5

I am doing the CS229:Machine Learning of Stanford Engineering Everywhere. All trhough the first chapter he uses

$$L(\theta) = P(Y | X; \theta)$$

i.e. the likelihood of the parameter $\theta$ is given by the cond. prob. of Y given X

Now in the second chapter, when talking about Gaussian Discriminant Analysis, shuddenly without any explaination our likelihood looks like this:

$$L(\theta) = P(Y \cap X; \theta)$$

What happened here? Which likelihood function is used when? I find the first likelihood a much more natural choice.

I am talking about page 10 of this script

Xi'an
  • 90,397
  • 9
  • 157
  • 575
fubal
  • 165
  • 5
  • **Conventions:** The notation $Y\cup X$ is quite unusual since $X$ and $Y$ are random variables.
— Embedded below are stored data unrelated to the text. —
lemma pth_cong_power_int_exponent:
  "(x::'a::field) \<noteq> 0 \<Longrightarrow> [a = b] (mod int p) \<Longrightarrow> pth_cong p (x powi a) (x powi b)"
  by (simp add: pth_cong_def power_int_diff[symmetric] pth_power_power_int_dvd
      cong_iff_dvd_diff dvd_diff_commute)

lemma pth_cong_pth_power: "pth_cong p x y \<Longrightarrow> pth_power p y \<Longrightarrow> pth_power p x"
  unfolding pth_cong_def by (metis nonzero_eq_divide_eq pth_power_mult)

lemma binomial_prime_minus_one_cong:
  assumes "prime p" "i < p"
  shows "[int (p - 1 choose i) = (-1) ^ i] (mod int p)"
  using assms(2)
proof (induction i)
  case 0
  then show ?case by simp
next
  case (Suc i)
  have p: "p = Suc (p - 1)"
    using prime_gt_0_nat[OF assms(1)] by simp
  have "p choose Suc i = (p - 1 choose i) + (p - 1 choose Suc i)"
    by (subst p) simp
  moreover have "p dvd (p choose Suc i)"
    using dvd_choose_prime[OF Suc.prems _ _ assms(1)] p by simp
  ultimately have "[int (p - 1 choose Suc i) = - int (p - 1 choose i)] (mod int p)"
    by (simp add: cong_iff_dvd_diff add.commute flip: of_nat_add of_nat_dvd_iff)
  moreover have "[- int (p - 1 choose i) = - ((-1) ^ i)] (mod int p)"
    using Suc by (simp add: cong_minus_minus_iff)
  ultimately show ?case by (auto elim: cong_trans)
qed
A more natural notation would be $P(Y,X|\theta)$. Note also that capital letters are usually reserved for random variables, which realisations are denoted with lower case letters. – Xi'an Oct 01 '15 at 16:49

3 Answers3

5

The two likelihoods are related by the following equation: $$P(Y \cap X\,|\,\Theta) = P(Y\,|\,X,\Theta)P(X\,|\,\Theta)$$ So, the joint probability of $Y$ and $X$ has to account for two things:

  1. The probability of generating $Y$ given $X$ and $\Theta$
  2. The probability of generating $X$ given $\Theta$

$P(Y\,|\,X,\Theta)$ only accounts for (1), and would be preferred when you only care about predicting Y when X is known. The joint likelihood looks at the probability of generating both X and Y given model parameter $\Theta$. This could be valuable if you want your model to predict X as well as Y given X. Put another way, $P(X\,|\,\Theta)$ is a way of measuring to what extent your model knows what kinds of $X$ are likely to occur in your dataset.

Paul
  • 9,773
  • 1
  • 25
  • 51
4

Start with general definitions of likelihood. With likelihood you are not really interested in probabilities, but in likelihood of $\theta$ given your data. It is calculated using probability of data using some model with parameters $\theta$, i.e.

$$L(\theta|X) = \prod_i f_\theta(x_i)$$

Now, in your examples two different likelihoods are described. In the first case, you have a regression model of $Y$ conditional on $X$ and in the second case, you have a joint likelihood of $X$ and $Y$ in bivariate model. This is the same as you can have conditional probabilities and joint probabilities, they are both probabilities, so have the same properties, but describe different cases.

Tim
  • 108,699
  • 20
  • 212
  • 390
0

It just seems that in the second case, $X$ and $Y$ are both modelled jointly in a generative model and you can write the joint likelihood as $P(X, Y | \theta)$

For example, now if you assume X and Y are independent, the joint log likelihood can be written as:

$$ \log L(\theta) = \log P(X |\theta) + \log P(Y|\theta) $$

Luca
  • 4,410
  • 3
  • 30
  • 52